Form 990 is divided into ten parts (not including additional schedules), which highlight sources and amounts of revenue, expenses, and the names and titles of key personnel. Use this article to help serve as your guide to Form 990.

Part I: Revenue, Expenses, and Changes in Net Assets or Fund Balances

Revenue (lines 1-12)

Line 1. Contributions, gifts, grants, and similar amounts received are broken into several categories. Direct public support may include cash gifts, bequests from individuals, and foundation and corporate grants. Indirect public support includes amounts received through federated fundraising campaigns, such as those run by the United Way. Government contributions (grants) are funds provided by the government but are distinct from government contracts or fees for services, which are included on line 2.

Line 2. Program service revenue represents fees paid to an organization for services related to its nonprofit purpose. Examples of such fees include tuition received by schools, admissions paid to an art museum, payments for medical services at a hospital, and government contracts.

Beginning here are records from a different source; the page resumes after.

definition complete_ext :: "('f set \<Rightarrow> 'f \<Rightarrow> bool) \<Rightarrow> ('f \<Rightarrow> 'f set) \<Rightarrow> ('f set \<Rightarrow> 'f set)
    \<Rightarrow> 'f set \<Rightarrow> ('f set \<times> 'f) set \<Rightarrow> bool" where
  "complete_ext vdash contr hat S E \<longleftrightarrow>
     E \<subseteq> Arg vdash S \<and> conflict_free contr hat E \<and>
     E \<subseteq> Defended vdash contr hat E S \<and>
     Defended vdash contr hat E S \<subseteq> E"

definition pre_relevance :: "('f \<Rightarrow> 'a set) \<Rightarrow> ('f set \<Rightarrow> 'f \<Rightarrow> bool) \<Rightarrow> ('f \<Rightarrow> 'f set)
    \<Rightarrow> ('f set \<Rightarrow> 'f set) \<Rightarrow> bool" where
  "pre_relevance atoms vdash contr hat \<longleftrightarrow>
     (\<forall>S1 S2 \<phi>. disjoint_atoms atoms (S1 \<union> {\<phi>}) S2 \<longrightarrow> vdash (S1 \<union> S2) \<phi> \<longrightarrow>
        (\<exists>S1'. S1' \<subseteq> S1 \<and> vdash S1' \<phi>)) \<and>
     (\<forall>A1 A2 S1 T1 S2 T2 \<phi> \<psi>.
        A1 \<inter> A2 = {} \<longrightarrow>
        finite S1 \<longrightarrow> finite T1 \<longrightarrow> finite S2 \<longrightarrow> finite T2 \<longrightarrow>
        Atoms atoms S1 \<subseteq> A1 \<longrightarrow> Atoms atoms T1 \<subseteq> A1 \<longrightarrow>
        Atoms atoms S2 \<subseteq> A2 \<longrightarrow> Atoms atoms T2 \<subseteq> A2 \<longrightarrow>
        \<psi> \<in> contr \<phi> \<longrightarrow> \<phi> \<in> hat (T1 \<union> T2) \<longrightarrow> vdash (S1 \<union> S2) \<psi> \<longrightarrow>
        ((\<exists>S1' \<phi>1 \<psi>1. S1' \<subseteq> S1 \<and> \<phi>1 \<in> hat T1 \<and> \<psi>1 \<in> contr \<phi>1 \<and> vdash S1' \<psi>1) \<or>
         (\<exists>S2' \<phi>2 \<psi>2. S2' \<subseteq> S2 \<and> \<phi>2 \<in> hat T2 \<and> \<psi>2 \<in> contr \<phi>2 \<and> vdash S2' \<psi>2))) \<and>
     (\<forall>\<Delta> \<Delta>'. finite \<Delta> \<longrightarrow> finite \<Delta>' \<longrightarrow> hat \<Delta> \<subseteq> hat (\<Delta> \<union> \<Delta>'))"

end

theory Submission
  imports Defs
begin

text \<open>Since \<open>hat\<close> is monotone, an attack on an argument is also an attack on every argument
  with larger premises. Hence a complete extension contains, together with an argument, every
  argument built from part of its premises, and primeness lets any attacker be replaced by such a
  sub-argument whose premises lie entirely on one side of the atom partition of \<open>S \<union> S'\<close>.
  This turns every defence in the joint framework into a defence by arguments of one of the
  two parts, and every attack on an argument over \<open>S\<close> into one by an argument over \<open>S\<close>.\<close>

lemma Atoms_mono: "A \<subseteq> B \<Longrightarrow> Atoms atoms A \<subseteq> Atoms atoms B"
  unfolding Atoms_def by blast
lemma ebas_nth:
  assumes "bij_betw b {1..d+1} (UNIV :: 'n::finite set)" "i \<in> {1..d+1}" "j \<in> {1..d+1}"
  shows "(ebas b i :: real ^ 'n) $ b j = (if i = j then 1 else 0)"
proof -
  have "b i = b j \<longleftrightarrow> i = j"
    using assms by (meson bij_betw_def inj_on_eq_iff)
  then show ?thesis unfolding ebas_def axis_def by auto
qed

lemma vec_eq_by_labels:
  assumes "bij_betw b {1..d+1} (UNIV :: 'n::finite set)"
    and "\<And>m. m \<in> {1..d+1} \<Longrightarrow> (x :: real ^ 'n) $ b m = y $ b m"
  shows "x = y"
  using assms by (metis bij_betw_imp_surj_on imageE iso_tuple_UNIV_I vec_eq_iff)

definition svertex :: "(nat \<Rightarrow> 'n::finite) \<Rightarrow> real \<Rightarrow> nat \<Rightarrow> real ^ 'n" where
  "svertex b \<alpha> k = (\<Sum>i\<in>{2..k}. ebas b i) + \<alpha> *\<^sub>R ebas b (k + 1)"

lemma Ssimp_eq: "Ssimp b d \<alpha> = convex hull (svertex b \<alpha> ` {1..d})"
  unfolding Ssimp_def svertex_def by (rule arg_cong[where f = "\<lambda>S. convex hull S"]) auto

lemma svertex_nth:
  assumes bb: "bij_betw b {1..d+1} (UNIV :: 'n::finite set)" and "k \<in> {1..d}" "m \<in> {1..d+1}"
  shows "(svertex b \<alpha> k :: real ^ 'n) $ b m
     = (if 2 \<le> m \<and> m \<le> k then 1 else 0) + \<alpha> * (if m = k + 1 then 1 else 0)"
proof -
  have "(\<Sum>i\<in>{2..k}. (ebas b i :: real ^ 'n) $ b m) = (\<Sum>i\<in>{2..k}. if i = m then 1 else 0)"
    by (rule sum.cong) (use assms in \<open>auto simp: ebas_nth[OF bb]\<close>)
  then show ?thesis using assms by (simp add: svertex_def ebas_nth[OF bb])
qed

section \<open>A common point of d simplices inside the cube\<close>

definition success_point :: "(nat \<Rightarrow> 'n::finite) \<Rightarrow> nat \<Rightarrow> real list \<Rightarrow> real ^ 'n" where
  "success_point b d ps = (\<Sum>m\<in>{2..d+1}. at_least ps (m - 1) *\<^sub>R ebas b m)"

While most organizations receive the bulk of their revenues from contributions and program service revenue, the proportion varies depending on the specific nonprofit sector. For example, a theater company will probably have a large amount of program revenue and very little government support. By contrast, a homeless shelter may have large government contracts and considerable private contributions, but no revenue.

Expenses (lines 13-17)

Line 13. Program services is the amount a charity spends to perform its tax-exempt activities.

Line 14. Management and general includes the day-to-day expenses for the overall operations of the charity, but excludes the direct costs of conducting its program or fundraising activities. It may include accounting and legal costs, insurance, office management, and the costs of producing an annual report.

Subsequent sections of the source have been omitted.